Life in the house was very ordinary during the day: cleaning, trips to Smart & Final and other stores for supplies, a little down time, and preparing to open. The out-of-the-ordinary part was that we had music and customers downstairs in our house when evening came. But the City powers thought we certainly were up to no good, and they expended some time and effort trying to find out what was “going on” there and close us down. The truth is, nothing illegal was going on.

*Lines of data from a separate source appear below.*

(* Let $\omega$ be a weight on a countable group $G$, and let $\mu$ be a probability measure on $G$ with $\mu\in\bigcup_{p\ge1}\ell^1(G,\omega_p)$. Then $\mu$ has a finite Lyapunov exponent with respect to $\omega$, and \[ \mathrm{Ly}_\omega(G,\mu)=\lim_{p\to\infty}p\log r_{\ell^1(G,\omega_p)}(\mu), \] where $r_{\ell^1(G,\omega_p)}(\mu)$ is the spectral radius of $\mu$ in the Banach algebra $\ell^1(G,\omega_p)$.
   Context: A weight on $G$ is $\omega:G\to[a,\infty)$, $a>0$, with $\omega(st)\le C\omega(s)\omega(t)$ for some $C>0$ and all $s,t\in G$. For $p\ge1$, $\omega_p(s)=\omega(s)^{1/p}$ (again a weight). For a weight $\omega$, $\ell^1(G,\omega)=\{f:\sum_s|f(s)|\omega(s)<\infty\}$ with norm $\|f\|_{1,\omega}=\sum_s|f(s)|\omega(s)$, a Banach algebra under convolution $f*g(s)=\sum_tf(t)g(t^{-1}s)$ (after rescaling $\omega$ to be submultiplicative; the spectral radius is unaffected). The Lyapunov exponent is $\mathrm{Ly}_\omega(G,\mu)=\lim_{n\to\infty}\frac1n\sum_s\mu^{*n}(s)\log\omega(s)$. *)

theory Defs
  imports "HOL-Analysis.Analysis" "HOL-Algebra.Group"
begin

definition conv :: "('a, 'm) monoid_scheme \<Rightarrow> ('a \<Rightarrow> 'b::real_normed_field) \<Rightarrow> ('a \<Rightarrow> 'b) \<Rightarrow> 'a \<Rightarrow> 'b" where
  "conv G f g s = (\<Sum>\<^sub>\<infinity>t\<in>carrier G. f t * g (inv\<^bsub>G\<^esub> t \<otimes>\<^bsub>G\<^esub> s))"

definition delta :: "('a, 'm) monoid_scheme \<Rightarrow> 'a \<Rightarrow> 'b::real_normed_field" where
  "delta G s = (if s = \<one>\<^bsub>G\<^esub> then 1 else 0)"

fun conv_pow :: "('a, 'm) monoid_scheme \<Rightarrow> ('a \<Rightarrow> 'b::real_normed_field) \<Rightarrow> nat \<Rightarrow> 'a \<Rightarrow> 'b" where
  "conv_pow G f 0 = delta G"
| "conv_pow G f (Suc n) = conv G f (conv_pow G f n)"

definition is_weight :: "('a, 'm) monoid_scheme \<Rightarrow> ('a \<Rightarrow> real) \<Rightarrow> bool" where
  "is_weight G w \<longleftrightarrow> (\<exists>a>0. \<forall>s\<in>carrier G. a \<le> w s) \<and>
     (\<exists>C>0. \<forall>s\<in>carrier G. \<forall>t\<in>carrier G. w (s \<otimes>\<^bsub>G\<^esub> t) \<le> C * w s * w t)"

definition l1 :: "('a, 'm) monoid_scheme \<Rightarrow> ('a \<Rightarrow> real) \<Rightarrow> ('a \<Rightarrow> complex) set" where
  "l1 G w = {f. (\<lambda>s. norm (f s) * w s) summable_on carrier G}"

definition l1_invertible :: "('a, 'm) monoid_scheme \<Rightarrow> ('a \<Rightarrow> real) \<Rightarrow> ('a \<Rightarrow> complex) \<Rightarrow> bool" where
  "l1_invertible G w f \<longleftrightarrow> (\<exists>g\<in>l1 G w. \<forall>s\<in>carrier G.
      conv G f g s = delta G s \<and> conv G g f s = delta G s)"

definition l1_spectrum :: "('a, 'm) monoid_scheme \<Rightarrow> ('a \<Rightarrow> real) \<Rightarrow> ('a \<Rightarrow> complex) \<Rightarrow> complex set" where
  "l1_spectrum G w f = {z. \<not> l1_invertible G w (\<lambda>s. z * delta G s - f s)}"

definition l1_spectral_radius :: "('a, 'm) monoid_scheme \<Rightarrow> ('a \<Rightarrow> real) \<Rightarrow> ('a \<Rightarrow> complex) \<Rightarrow> real" where
  "l1_spectral_radius G w f = Sup (norm ` l1_spectrum G w f)"

end

theory Submission
  imports Defs
begin

text \<open>
  Let \<open>P n = \<mu>\<^sup>*\<^sup>n\<close>, \<open>L n = \<Sum>\<^sub>s P n s ln \<omega>(s)\<close> and \<open>A p n = \<Sum>\<^sub>s P n s \<omega>(s)\<^sup>1\<^sup>/\<^sup>p\<close>, the norm
  of \<open>P n\<close> in \<open>\<ell>\<^sup>1(G, \<omega>\<^sub>p)\<close>. For a positive element the spectral radius is the Gelfand
  limit \<open>r\<^sub>p = inf\<^sub>n (C\<^sup>1\<^sup>/\<^sup>p A p n)\<^sup>1\<^sup>/\<^sup>n\<close>: the Neumann series inverts \<open>z \<delta> - \<mu>\<close> for
  \<open>\<bar>z\<bar> > r\<^sub>p\<close>, while at real \<open>t \<down> r\<^sub>p\<close> positivity forbids cancellation in the series, so the
  resolvent norm grows like \<open>1 / (t - r\<^sub>p)\<close> and \<open>r\<^sub>p\<close> lies in the spectrum.

  Jensen's inequality gives \<open>L n \<le> p ln A p n\<close>, and the second-order Taylor bound for
  \<open>\<omega>\<^sup>1\<^sup>/\<^sup>p = exp (ln \<omega> / p)\<close> gives \<open>p ln A p n \<le> L n + D n / p\<close> with \<open>D n\<close> independent of \<open>p\<close>.
  As \<open>L n + ln C\<close> is subadditive, Fekete's lemma shows that \<open>Ly = inf\<^sub>n (L n + ln C) / n\<close> is
  \<open>lim L n / n\<close>, and \<open>p ln r\<^sub>p\<close> is squeezed between \<open>Ly\<close> and \<open>(L n + ln C) / n + D n / p\<close>.
\<close>

section \<open>Unconditional sums\<close>

lemma has_sum_single_nonzero:
  fixes f :: "'x \<Rightarrow> 'c::{comm_monoid_add,t2_space}"
  assumes "x \<in> A" "\<And>y. y \<in> A \<Longrightarrow> y \<noteq> x \<Longrightarrow> f y = 0"
  shows "(f has_sum f x) A"
proof -
  have "(f has_sum f x) {x}" by (simp add: has_sum_finite[of "{x}", simplified])
  moreover have "(f has_sum f x) A \<longleftrightarrow> (f has_sum f x) {x}"
    by (rule has_sum_cong_neutral) (use assms in auto)
  ultimately show ?thesis by simp
qed

lemma abs_summable_on_Times_dominated:
  fixes P :: "'x \<times> 'y \<Rightarrow> 'c::banach"
  assumes rows: "\<And>x. x \<in> A \<Longrightarrow> ((\<lambda>y. \<gamma> (x,y)) has_sum r x) B" and "r summable_on A"
    and "\<And>x y. x \<in> A \<Longrightarrow> y \<in> B \<Longrightarrow> 0 \<le> \<gamma> (x,y)"
    and "\<And>x y. x \<in> A \<Longrightarrow> y \<in> B \<Longrightarrow> norm (P (x,y)) \<le> \<gamma> (x,y)"
  shows "(\<lambda>p. norm (P p)) summable_on A \<times> B"
proof -
  have "\<gamma> summable_on Sigma A (\<lambda>_. B)"
    by (rule summable_on_SigmaI[OF rows]) (use assms(2,3) in auto)
  then show ?thesis
    by (rule summable_on_comparison_test) (use assms(3,4) in auto)
qed

lemma abs_summable_on_Times_product_bound:
  fixes P :: "'x \<times> 'y \<Rightarrow> 'c::banach"
  assumes "\<alpha> summable_on A" "\<beta> summable_on B"
    and "\<And>x. x \<in> A \<Longrightarrow> 0 \<le> \<alpha> x" "\<And>y. y \<in> B \<Longrightarrow> 0 \<le> \<beta> y"
    and "\<And>x y. x \<in> A \<Longrightarrow> y \<in> B \<Longrightarrow> norm (P (x,y)) \<le> \<alpha> x * \<beta> y"
  shows "(\<lambda>p. norm (P p)) summable_on A \<times> B"
proof (rule abs_summable_on_Times_dominated[where \<gamma> = "\<lambda>(x,y). \<alpha> x * \<beta> y"])
  show "((\<lambda>y. case (x, y) of (x, y) \<Rightarrow> \<alpha> x * \<beta> y) has_sum \<alpha> x * infsum \<beta> B) B" for x
    using assms(2) by (simp add: has_sum_cmult_right)
  show "(\<lambda>x. \<alpha> x * infsum \<beta> B) summable_on A"
    using assms(1) by (rule summable_on_cmult_left)
  show "0 \<le> (case (x, y) of (x, y) \<Rightarrow> \<alpha> x * \<beta> y)" if "x \<in> A" "y \<in> B" for x y
    using assms(3,4) that by simp
  show "norm (P (x, y)) \<le> (case (x, y) of (x, y) \<Rightarrow> \<alpha> x * \<beta> y)" if "x \<in> A" "y \<in> B" for x y
    using assms(5) that by simp
qed

lemma summable_lincomb:
  fixes f g :: "'x \<Rightarrow> real"
  assumes "f summable_on A" "g summable_on A"
  shows "(\<lambda>s. c * f s + d * g s) summable_on A"
  using assms by (intro summable_on_add summable_on_cmult_right)

lemma infsum_lincomb:
  fixes f g :: "'x \<Rightarrow> real"
  assumes "f summable_on A" "g summable_on A"
  shows "(\<Sum>\<^sub>\<infinity>s\<in>A. c * f s + d * g s) = c * infsum f A + d * infsum g A"
  using assms by (simp add: infsum_add summable_on_cmult_right infsum_cmult_right')

lemma summable_on_divide_const:
  fixes f :: "'x \<Rightarrow> 'c::{topological_semigroup_mult,field}"
  shows "f summable_on A \<Longrightarrow> (\<lambda>x. f x / c) summable_on A"
  unfolding summable_on_def using has_sum_divide_const by blast

lemma infsum_of_real: "(\<Sum>\<^sub>\<infinity>x\<in>A. complex_of_real (f x)) = complex_of_real (infsum f A)"
proof (cases "f summable_on A")
  case True
  then show ?thesis by (intro infsumI has_sum_of_real) simp
next
  case False
  have "\<not> (\<lambda>x. complex_of_real (f x)) summable_on A"
  proof
    assume "(\<lambda>x. complex_of_real (f x)) summable_on A"
    from summable_on_Re[OF this] False show False by simp
  qed
  with False show ?thesis by (simp add: infsum_not_exists)
qed

lemma infsum_split_head:
  fixes g :: "nat \<Rightarrow> 'c::banach"
  assumes "g summable_on UNIV"
  shows "infsum g UNIV = g 0 + (\<Sum>\<^sub>\<infinity>n. g (Suc n))"
proof -
  have U: "UNIV = insert 0 (range Suc)" by (auto intro: nat.exhaust)
  have "g summable_on range Suc" using assms by (rule summable_on_subset_banach) simp
  then have "infsum g (insert 0 (range Suc)) = g 0 + infsum g (range Suc)"
    by (intro infsum_insert) auto
  also have "infsum g (range Suc) = (\<Sum>\<^sub>\<infinity>n. g (Suc n))"
    by (subst infsum_reindex) (auto simp: o_def)
  finally show ?thesis using U by simp
qed

lemma infsum_sum_lessThan:
  fixes F :: "nat \<Rightarrow> 'x \<Rightarrow> real"
  assumes "\<And>n. F n summable_on A"
  shows "(\<lambda>s. \<Sum>n<M. F n s) summable_on A"
    and "(\<Sum>\<^sub>\<infinity>s\<in>A. \<Sum>n<M. F n s) = (\<Sum>n<M. infsum (F n) A)"
proof -
  have "(\<lambda>s. \<Sum>n<M. F n s) summable_on A \<and> (\<Sum>\<^sub>\<infinity>s\<in>A. \<Sum>n<M. F n s) = (\<Sum>n<M. infsum (F n) A)"
    by (induction M) (simp_all add: assms summable_on_add infsum_add)
  then show "(\<lambda>s. \<Sum>n<M. F n s) summable_on A" "(\<Sum>\<^sub>\<infinity>s\<in>A. \<Sum>n<M. F n s) = (\<Sum>n<M. infsum (F n) A)"
    by auto
qed

section \<open>Convolution on a group\<close>

context group
begin

lemma bij_betw_mult_left: "t \<in> carrier G \<Longrightarrow> bij_betw (\<lambda>u. t \<otimes> u) (carrier G) (carrier G)"
  by (rule bij_betw_byWitness[where f' = "\<lambda>s. inv t \<otimes> s"]) (auto simp: m_assoc[symmetric])

lemma infsum_mult_left_reindex:
  fixes h :: "'a \<Rightarrow> 'c::{comm_monoid_add,t2_space}"
  shows "t \<in> carrier G \<Longrightarrow> (\<Sum>\<^sub>\<infinity>s\<in>carrier G. h (t \<otimes> s)) = (\<Sum>\<^sub>\<infinity>s\<in>carrier G. h s)"
  by (rule infsum_reindex_bij_betw[OF bij_betw_mult_left])

lemma abs_summable_conv_term_bounded:
  fixes f g :: "'a \<Rightarrow> 'c::real_normed_field"
  assumes "(\<lambda>t. norm (f t)) summable_on carrier G" "\<And>x. x \<in> carrier G \<Longrightarrow> norm (g x) \<le> M"
    and "s \<in> carrier G"
  shows "(\<lambda>t. norm (f t * g (inv t \<otimes> s))) summable_on carrier G"
proof (rule summable_on_comparison_test)
  show "(\<lambda>t. norm (f t) * M) summable_on carrier G"
    using assms(1) by (rule summable_on_cmult_left)
  fix t assume "t \<in> carrier G"
  then have "norm (g (inv t \<otimes> s)) \<le> M" using assms(2,3) by simp
  then show "norm (f t * g (inv t \<otimes> s)) \<le> norm (f t) * M"
    unfolding norm_mult by (rule mult_left_mono) simp
qed simp

lemma conv_cong:
  fixes f f' g g' :: "'a \<Rightarrow> 'c::real_normed_field"
  shows "s \<in> carrier G \<Longrightarrow> (\<And>x. x \<in> carrier G \<Longrightarrow> f x = f' x) \<Longrightarrow> (\<And>x. x \<in> carrier G \<Longrightarrow> g x = g' x)
    \<Longrightarrow> conv G f g s = conv G f' g' s"
  unfolding conv_def by (intro infsum_cong) simp

lemma conv_scale_left:
  fixes f g :: "'a \<Rightarrow> 'c::real_normed_field"
  shows "conv G (\<lambda>x. a * f x) g s = a * conv G f g s"
  unfolding conv_def by (simp add: infsum_cmult_right'[symmetric] mult.assoc)

lemma conv_scale_right:
  fixes f g :: "'a \<Rightarrow> 'c::real_normed_field"
  shows "conv G f (\<lambda>x. a * g x) s = a * conv G f g s"
  unfolding conv_def by (simp add: infsum_cmult_right'[symmetric] algebra_simps)

lemma conv_delta_left:
  fixes f :: "'a \<Rightarrow> 'c::real_normed_field"
  shows "s \<in> carrier G \<Longrightarrow> conv G (delta G) f s = f s"
proof -
  assume s: "s \<in> carrier G"
  have "((\<lambda>t. delta G t * f (inv t \<otimes> s)) has_sum (delta G \<one> * f (inv \<one> \<otimes> s))) (carrier G)"
    by (rule has_sum_single_nonzero) (auto simp: delta_def)
  then show ?thesis unfolding conv_def using s by (simp add: infsumI delta_def)
qed

lemma conv_delta_right:
  fixes f :: "'a \<Rightarrow> 'c::real_normed_field"
  shows "s \<in> carrier G \<Longrightarrow> conv G f (delta G) s = f s"
proof -
  assume s: "s \<in> carrier G"
  have "((\<lambda>t. f t * delta G (inv t \<otimes> s)) has_sum (f s * delta G (inv s \<otimes> s))) (carrier G)"
  proof (rule has_sum_single_nonzero[OF s])
    fix y assume "y \<in> carrier G" "y \<noteq> s"
    have "inv y \<otimes> s \<noteq> \<one>"
    proof
      assume "inv y \<otimes> s = \<one>"
      then have "y \<otimes> (inv y \<otimes> s) = y" using \<open>y \<in> carrier G\<close> by simp
      then show False using \<open>y \<in> carrier G\<close> \<open>y \<noteq> s\<close> s by (simp add: m_assoc[symmetric])
    qed
    then show "f y * delta G (inv y \<otimes> s) = 0" by (simp add: delta_def)
  qed
  then show ?thesis unfolding conv_def using s by (simp add: infsumI delta_def)
qed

One day when I was straightening up our living quarters, we were visited by six City officials, in two’s, one department at a time. As I recall, it was the police chief and another officer, the fire chief and another fireman, and either the health or building inspector and an associate. They searched all the rooms, and I believe they thought for sure that this would be the big day that they would make a bust and close us down. But there was nothing to bust us for—we ran a clean, straight-up place. So, they issued an unflattering article to the News-Press, stating, among other things, that the living conditions were “rudimentary, with mat tresses on the floor instead of beds.” I think only our bed was on the floor, and it was a clean mattress and bedding on a freshly painted, clean floor. We liked it that way—it was very comfortable. They didn’t mention the blue light in the window upstairs, but asked Bill why we had the red light. That implication was upsetting, because I was the only woman living there at the time and I realized that there must have been a real rumor in town.
On a visit to the Troubadour in Los Angeles, we found the most exciting entertainers who ever played at the Iopan: two young men from the Bay Area, Joe & Eddie (Joe Gilbert and Eddie Brown), who were best friends and had sung together since high school and had just released their first album. They came to the Iopan accompanied by their guitarist, Bill Mundy, and they electrified the place with folk songs, gospel music, and spirituals in their unique style. Eddie’s smooth, steady baritone voice allowed Joe’s tenor voice to soar into improvisation. It was Joe who kidded around and was more outgoing on stage, but during the day it seemed reversed. Eddie was relaxed and joking, and Joe was more serious and worried. But they played off each other very well, so there were many funny moments. Their opening night at the Iopan was unbelievable. The place was packed, and from the opening number no one could sit still. They were clapping, stomping their feet, and cheering. The old house really rocked, and I remember getting chills down my back and feeling incredible excitement. They did two stints at the Iopan. Later, the year after the Iopan closed, we brought Joe & Eddie, Phil Campos, and Paul Hansen in concert to the Lobero Theater. Joe’s tragic death in an automobile accident only three years later was just so sad.

Odetta

Odetta

At the time my baby was due, Odetta appeared in concert at the Lobero. I couldn’t miss seeing her, so we got aisle seats just in case the baby decided to arrive. I was able to enjoy seeing Odetta, which was one of the real thrills of my life. She was beautiful and regal in a full-length (I’m remembering purple velvet) dress and was accompanied by the great, and equally elegant, Leroy Vinegar on bass. I’ve since attended two more Odetta concerts, and she is always wonderful, but I’ll never forget that first one.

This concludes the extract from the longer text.